A naive algorithm would compare every word in the dictionary, in order, to every other word, in order. But this is slow – the number of comparisons grows as the square of the size of the dictionary. We can do much better by sorting the words into *equivalence classes*. Consider words that differ only in their first letter. We put these into an equivalence class by replacing the first character with a special place-holder. For example, “walk” and “talk” both become “*alk”; they are in the same equivalence class and therefore should be connected. Apply a similar procedure to the second character, the third character, etc… to build up a table like this:

walk | *alk |

walk | w*lk |

walk | wa*k |

walk | wal* |

tall | *all |

tall | t*ll |

tall | ta*l |

tall | tal* |

ear | *ar |

ear | e*r |

ear | ea* |

talk | *alk |

talk | t*lk |

talk | ta*k |

talk | tal* |

OK, so how does this speed things up? It becomes clear when we *sort the table by equivalence class*:

walk | *alk |

talk | *alk |

tall | *all |

ear | *ar |

ear | e*r |

ear | ea* |

talk | t*lk |

tall | t*ll |

talk | ta*k |

tall | ta*l |

talk | tal* |

tall | tal* |

walk | w*lk |

walk | wa*k |

walk | wal* |

The sort operation has grouped together all words that should be connected; “walk -> talk” and “talk -> tall” in this example. The slow step in this procedure is the sorting, which can be achieved by any of a number of standard algorithms in time proportional to n * log n – a big improvement over n * n for large dictionaries.

So what about the rule that connects words by adding or deleting one character? This variant of the problem is harder to find online, but I did find an implementation in a comment on this blog similar to the one I used. The key is to create a table, as before, but for each word add all possible rows formed by deleting one letter:

bring | ring |

bring | bing |

bring | brng |

bring | brig |

bring | brin |

rings | ings |

rings | rngs |

rings | rigs |

rings | rins |

rings | ring |

ear | ar |

ear | er |

ear | ea |

Then sort by the second column, and filter against the sorted dictionary to retain only those rows where the second column is an actual word:

ear | ar |

bring | bing |

bring | brig |

bring | brin |

bring | brng |

ear | ea |

ear | er |

rings | ings |

rings | rigs |

rings | ring |

bring | ring |

rings | rins |

rings | rngs |

So that in this example, the three rules “rings <-> ring”, “rings <-> rigs”, and “bring <-> ring” were found. As before, the sorting is the slow step with O(n log n) time complexity. So how do you combine the connections due to letter substitution with the connections due to deletion? This is called a *graph union* and is supported by any graph library. An interesting effect happens if you include only the connections due to deletion and leave out connections due to substitution.
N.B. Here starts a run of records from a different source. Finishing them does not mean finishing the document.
(* Let $Q$ be a function from a recursive subset of $\mathbb{N}^3$ to $\mathbb{N}$ such that $Q(n,k,s)\in B^n$ whenever defined, and let $r>1$. Then there exists a coloring function $c:\mathbb{N}\rightarrow r=\{0,\dots,r-1\}$, uniformly recursive in $Q$, such that for every $w\in\mathbb{Z}^+$ and every $n<\lambda(w)$, if $Q(n,\lambda(w),\mu(w))$ is defined then $c(w+Q(n,\lambda(w),\mu(w)))\equiv c(w)+1\pmod r$.
   Context: For $x=\sum_{i=0}^{k}2^{n_i}\in\mathbb{Z}^+$ with $n_0<\cdots<n_k$, set $\mu(x)=n_k$ and $\lambda(x)=n_0$. For each $n$, $B^n=\{x\in\mathbb{Z}^+:\mu(x)=n\}$. *)

theory Defs
  imports Main "HOL-Library.Nat_Bijection"
begin

definition bits :: "nat \<Rightarrow> nat set" where
  "bits x = {n. odd (x div 2 ^ n)}"

definition mu :: "nat \<Rightarrow> nat" where
  "mu x = Max (bits x)"

definition lam :: "nat \<Rightarrow> nat" where
  "lam x = Min (bits x)"

definition B :: "nat \<Rightarrow> nat set" where
  "B n = {x. x > 0 \<and> mu x = n}"

datatype rf = Zero | Succ | Proj nat | Comp rf "rf list" | Prim rf rf | Mu rf | Orc

inductive eval :: "(nat \<Rightarrow> nat) \<Rightarrow> rf \<Rightarrow> nat list \<Rightarrow> nat \<Rightarrow> bool" for f where
  ev_zero: "eval f Zero xs 0"
| ev_succ: "eval f Succ (x # xs) (Suc x)"
| ev_proj: "i < length xs \<Longrightarrow> eval f (Proj i) xs (xs ! i)"
| ev_orc: "eval f Orc (x # xs) (f x)"
| ev_comp: "list_all2 (\<lambda>g y. eval f g xs y) gs ys \<Longrightarrow> eval f h ys z \<Longrightarrow> eval f (Comp h gs) xs z"
| ev_prim0: "eval f g xs z \<Longrightarrow> eval f (Prim g h) (0 # xs) z"
| ev_primS: "eval f (Prim g h) (n # xs) y \<Longrightarrow> eval f h (y # n # xs) z
             \<Longrightarrow> eval f (Prim g h) (Suc n # xs) z"
| ev_mu: "eval f g (n # xs) 0 \<Longrightarrow> (\<forall>m<n. \<exists>y. eval f g (m # xs) y \<and> y > 0)
             \<Longrightarrow> eval f (Mu g) xs n"

definition computes :: "(nat \<Rightarrow> nat) \<Rightarrow> rf \<Rightarrow> (nat \<Rightarrow> nat) \<Rightarrow> bool" where
  "computes f e c \<longleftrightarrow> (\<forall>x. eval f e [x] (c x))"

definition recursive_set3 :: "(nat \<times> nat \<times> nat) set \<Rightarrow> bool" where
  "recursive_set3 D \<longleftrightarrow> (\<exists>e. \<forall>n k s. eval (\<lambda>_. 0) e [n, k, s] (if (n, k, s) \<in> D then 1 else 0))"

definition oracle_of :: "(nat \<Rightarrow> nat \<Rightarrow> nat \<Rightarrow> nat option) \<Rightarrow> nat \<Rightarrow> nat" where
  "oracle_of Q x = (case prod_decode x of (n, y) \<Rightarrow> (case prod_decode y of (k, s) \<Rightarrow>
      (case Q n k s of None \<Rightarrow> 0 | Some v \<Rightarrow> Suc v)))"

end

theory Submission
  imports Defs
begin

text \<open>
  For each set bit m of a positive x, the prefix of x at m keeps the bits of x from m upwards.
  The colour of x is the sum, modulo r, of increments delta p over these prefixes p.  Given
  w > 0, n < lam w and v = Q(n, lam w, mu w) in B^n, put u = w + 2^n.  The prefixes of w + v are those of w, then u itself, then prefixes whose lowest
  set bit is below n; choosing delta u as 1 minus the contribution of the latter makes the colour
  of w + v one more than that of w.  Those prefixes have a smaller lowest bit than u, so this
  defines delta by recursion on the lowest set bit.  The recursion is computable from the oracle:
  the values of its t-th approximation on [0, 2^K) are the base-r digits of a single number,
  obtained by primitive recursion on t.
\<close>

section \<open>Computability relative to an oracle\<close>

definition computable :: "nat \<Rightarrow> ((nat \<Rightarrow> nat) \<Rightarrow> nat list \<Rightarrow> nat) \<Rightarrow> bool" where
  "computable k F \<longleftrightarrow> (\<exists>e. \<forall>f xs. length xs = k \<longrightarrow> eval f e xs (F f xs))"

definition decidable :: "nat \<Rightarrow> ((nat \<Rightarrow> nat) \<Rightarrow> nat list \<Rightarrow> bool) \<Rightarrow> bool" where
  "decidable k P \<longleftrightarrow> computable k (\<lambda>f xs. of_bool (P f xs))"

named_theorems computable_intros

lemma computable_cong:
  assumes "computable k F" "\<And>f xs. length xs = k \<Longrightarrow> F f xs = G f xs"
  shows "computable k G"
  using assms unfolding computable_def by metis

lemma computable_zero: "computable k (\<lambda>f xs. 0)"
  unfolding computable_def by (auto intro: eval.intros)

lemma computable_nth [computable_intros]: "i < k \<Longrightarrow> computable k (\<lambda>f xs. xs ! i)"
  unfolding computable_def by (auto intro: eval.intros)

lemma programs_for_computable_list:
  assumes "\<forall>G\<in>set Gs. computable k G"
  shows "\<exists>es. \<forall>f xs. length xs = k \<longrightarrow> list_all2 (\<lambda>e y. eval f e xs y) es (map (\<lambda>G. G f xs) Gs)"
  using assms
proof (induction Gs)
  case Nil
  show ?case by simp
next
  case (Cons G Gs)
  then obtain es where "\<forall>f xs. length xs = k \<longrightarrow> list_all2 (\<lambda>e y. eval f e xs y) es (map (\<lambda>G. G f xs) Gs)"
    by auto
  moreover obtain e where "\<forall>f xs. length xs = k \<longrightarrow> eval f e xs (G f xs)"
    using Cons.prems unfolding computable_def by auto
  ultimately show ?case by (intro exI[of _ "e # es"]) auto
qed

lemma computable_compose:
  assumes "computable (length Gs) H" "\<forall>G\<in>set Gs. computable k G"
  shows "computable k (\<lambda>f xs. H f (map (\<lambda>G. G f xs) Gs))"
proof -
  obtain es where es: "\<forall>f xs. length xs = k \<longrightarrow> list_all2 (\<lambda>e y. eval f e xs y) es (map (\<lambda>G. G f xs) Gs)"
    using programs_for_computable_list[OF assms(2)] by blast
  obtain e where e: "\<forall>f ys. length ys = length Gs \<longrightarrow> eval f e ys (H f ys)"
    using assms(1) unfolding computable_def by blast
  show ?thesis
    unfolding computable_def
    by (intro exI[of _ "Comp e es"]) (auto intro!: eval.ev_comp es[rule_format] e[rule_format])
qed

lemma computable_compose_unary:
  assumes "computable 1 (\<lambda>f xs. H f (xs ! 0))" "computable k A"
  shows "computable k (\<lambda>f xs. H f (A f xs))"
  using computable_compose[of "[A]" "\<lambda>f xs. H f (xs ! 0)" k] assms by simp

lemma computable_compose_binary:
  assumes "computable 2 (\<lambda>f xs. H f (xs ! 0) (xs ! 1))" "computable k A" "computable k C"
  shows "computable k (\<lambda>f xs. H f (A f xs) (C f xs))"
  using computable_compose[of "[A, C]" "\<lambda>f xs. H f (xs ! 0) (xs ! 1)" k] assms
  by (simp add: numeral_2_eq_2)

lemma computable_Suc [computable_intros]:
  assumes "computable k A"
  shows "computable k (\<lambda>f xs. Suc (A f xs))"
proof (rule computable_compose_unary[OF _ assms])
  show "computable 1 (\<lambda>f xs. Suc (xs ! 0))"
    unfolding computable_def by (auto intro!: exI[of _ Succ] simp: length_Suc_conv intro: eval.intros)
qed

lemma computable_oracle [computable_intros]:
  assumes "computable k A"
  shows "computable k (\<lambda>f xs. f (A f xs))"
proof (rule computable_compose_unary[OF _ assms])
  show "computable 1 (\<lambda>f xs. f (xs ! 0))"
    unfolding computable_def by (auto intro!: exI[of _ Orc] simp: length_Suc_conv intro: eval.intros)
qed

lemma computable_const [computable_intros]: "computable k (\<lambda>f xs. c)"
proof (induction c)
  case 0
  show ?case by (rule computable_zero)
next
  case (Suc c)
  then show ?case by (rule computable_Suc)
qed

lemma computable_drop:
  assumes "computable k F"
  shows "computable (j + k) (\<lambda>f xs. F f (drop j xs))"
proof -
  have "computable (j + k) (\<lambda>f xs. F f (map (\<lambda>G. G f xs) (map (\<lambda>i f xs. xs ! (j + i)) [0..<k])))"
    using assms by (intro computable_compose) (auto intro: computable_nth)
  then show ?thesis
    by (rule computable_cong) (auto intro!: arg_cong[where f = "F _"] nth_equalityI)
qed

lemma computable_drop_nth [computable_intros]: "i + j < k \<Longrightarrow> computable k (\<lambda>f xs. drop j xs ! i)"
  by (rule computable_cong[OF computable_nth[of "j + i"]]) auto

lemma computable_Prim:
  assumes "computable k G" "computable (Suc (Suc k)) H"
  shows "computable (Suc k) (\<lambda>f xs. rec_nat (G f (tl xs)) (\<lambda>n acc. H f (acc # n # tl xs)) (hd xs))"
proof -
  obtain eg where eg: "\<forall>f xs. length xs = k \<longrightarrow> eval f eg xs (G f xs)"
    using assms(1) unfolding computable_def by blast
  obtain eh where eh: "\<forall>f xs. length xs = Suc (Suc k) \<longrightarrow> eval f eh xs (H f xs)"
    using assms(2) unfolding computable_def by blast
  have "eval f (Prim eg eh) (n # ys) (rec_nat (G f ys) (\<lambda>n acc. H f (acc # n # ys)) n)"
    if "length ys = k" for f ys n
  proof (induction n)
    case 0
    show ?case using that eg by (auto intro: eval.ev_prim0)
  next
    case (Suc n)
    then show ?case using that eh by (auto intro: eval.ev_primS)
  qed
  then show ?thesis
    unfolding computable_def by (intro exI[of _ "Prim eg eh"]) (auto simp: length_Suc_conv)
qed

lemma computable_rec_nat:
  assumes "computable k G" "computable (Suc (Suc k)) (\<lambda>f ys. H f (ys ! 1) (ys ! 0) (drop 2 ys))"
    and "computable k N"
  shows "computable k (\<lambda>f xs. rec_nat (G f xs) (\<lambda>n acc. H f n acc xs) (N f xs))"
proof -
  have P: "computable (Suc k) (\<lambda>f xs. rec_nat (G f (tl xs)) (\<lambda>n acc. H f n acc (tl xs)) (hd xs))"
    using computable_Prim[OF assms(1,2)] by simp
  then have P': "computable k (\<lambda>f xs. (\<lambda>f ys. rec_nat (G f (tl ys)) (\<lambda>n acc. H f n acc (tl ys)) (hd ys))
      f (map (\<lambda>G. G f xs) (N # map (\<lambda>i f xs. xs ! i) [0..<k])))"
    using P assms(3) by (intro computable_compose) (auto intro: computable_nth)
  have "map (\<lambda>i. xs ! i) [0..<k] = xs" if "length xs = k" for xs :: "nat list"
    using that map_nth[of xs] by (simp add: o_def)
  then show ?thesis
    by (intro computable_cong[OF P']) (simp add: o_def)
qed

lemma computable_funpow [computable_intros]:
  assumes "computable k X" "computable (Suc (Suc k)) (\<lambda>f ys. G f (ys ! 0) (drop 2 ys))"
    and "computable k N"
  shows "computable k (\<lambda>f xs. ((\<lambda>acc. G f acc xs) ^^ N f xs) (X f xs))"
proof -
  have "((\<lambda>acc. g acc) ^^ n) x = rec_nat x (\<lambda>_ acc. g acc) n" for g :: "nat \<Rightarrow> nat" and n x
    by (induction n) simp_all
  then show ?thesis
    using computable_rec_nat[OF assms(1) _ assms(3), of "\<lambda>f n acc xs. G f acc xs"] assms(2) by simp
qed

lemma computable_add [computable_intros]:
  assumes "computable k A" "computable k C"
  shows "computable k (\<lambda>f xs. A f xs + C f xs)"
proof -
  have "computable k (\<lambda>f xs. (Suc ^^ C f xs) (A f xs))"
    by (intro computable_intros assms | simp)+
  then show ?thesis by (simp add: add.commute)
qed

lemma computable_decrement [computable_intros]:
  assumes "computable k A"
  shows "computable k (\<lambda>f xs. A f xs - 1)"
proof -
  have "computable k (\<lambda>f xs. rec_nat 0 (\<lambda>n acc. n) (A f xs))"
    by (intro computable_intros computable_rec_nat assms | simp)+
  moreover have "rec_nat 0 (\<lambda>n acc. n) m = m - 1" for m :: nat
    by (cases m) simp_all
  ultimately show ?thesis by simp
qed

lemma computable_diff [computable_intros]:
  assumes "computable k A" "computable k C"
  shows "computable k (\<lambda>f xs. A f xs - C f xs)"
proof -
  have "computable k (\<lambda>f xs. ((\<lambda>a. a - 1) ^^ C f xs) (A f xs))"
    by (intro computable_intros assms | simp)+
  moreover have "((\<lambda>a. a - 1) ^^ n) a = a - n" for a n :: nat
    by (induction n) simp_all
  ultimately show ?thesis by simp
qed

lemma computable_mult [computable_intros]:
  assumes "computable k A" "computable k C"
  shows "computable k (\<lambda>f xs. A f xs * C f xs)"
proof -
  have "computable k (\<lambda>f xs. ((\<lambda>acc. acc + A f xs) ^^ C f xs) 0)"
    by (intro computable_intros computable_drop[of k A 2, simplified] assms | simp)+
  moreover have "((\<lambda>acc. acc + a) ^^ n) 0 = a * n" for a n :: nat
    by (induction n) simp_all
  ultimately show ?thesis by simp
qed

lemma computable_power [computable_intros]:
  assumes "computable k A" "computable k C"
  shows "computable k (\<lambda>f xs. A f xs ^ C f xs)"
proof -
  have "computable k (\<lambda>f xs. ((\<lambda>acc. A f xs * acc) ^^ C f xs) 1)"
    by (intro computable_intros computable_drop[of k A 2, simplified] assms | simp)+
  moreover have "((\<lambda>acc. a * acc) ^^ n) 1 = a ^ n" for a n :: nat
    by (induction n) simp_all
  ultimately show ?thesis by simp
qed

lemma computable_sum [computable_intros]:
  assumes "computable (Suc k) (\<lambda>f ys. A f (ys ! 0) (drop 1 ys))" "computable k N"
  shows "computable k (\<lambda>f xs. \<Sum>i<N f xs. A f i xs)"
proof -
  have "computable (Suc (Suc k)) (\<lambda>f ys. A f (ys ! 1) (drop 2 ys))"
    by (rule computable_cong[OF computable_drop[OF assms(1), of 1, simplified]]) (simp add: numeral_2_eq_2)
  then have "computable (Suc (Suc k)) (\<lambda>f ys. ys ! 0 + A f (ys ! 1) (drop 2 ys))"
    by (intro computable_intros) simp
  then have "computable k (\<lambda>f xs. rec_nat 0 (\<lambda>i acc. acc + A f i xs) (N f xs))"
    by (intro computable_rec_nat computable_zero assms(2)) (simp add: add.commute)
  moreover have "(\<Sum>i<n. a i) = rec_nat 0 (\<lambda>i acc. acc + a i) n" for a :: "nat \<Rightarrow> nat" and n
    by (induction n) simp_all
  ultimately show ?thesis by simp
qed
Now the word *must* change length by one letter at each step!

- hands
- hand
- and
- land
- lad
- lead
- led
- fled
- fed
- feed
- fee
- feet

**Conclusion: the nerdy stuff matters**

Every practicing programmer knows that it is possible – perhaps normal is the right word – to write practical, useful code without drawing on the nerdier parts of computer science. You can write a program that works just fine without ever analyzing it for time complexity or proving its correctness. The simplest, most intuitive data structures are often best. But hopefully what the word ladder example illustrates is that often the best way to solve an everyday, practical problem is to *translate it into a special case of a well-studied abstract problem*, and then apply a standard solution to that problem. If solving a word ladder does not seem very practical, applied graph theory shows up everywhere: in revision management, in the provenance of lab samples, in deciding the best layout for a communications network. So keep studying the nerdy stuff – one day, you will find yourself facing a down-to-earth problem that is harder than it looks, and realize that you already have the answer.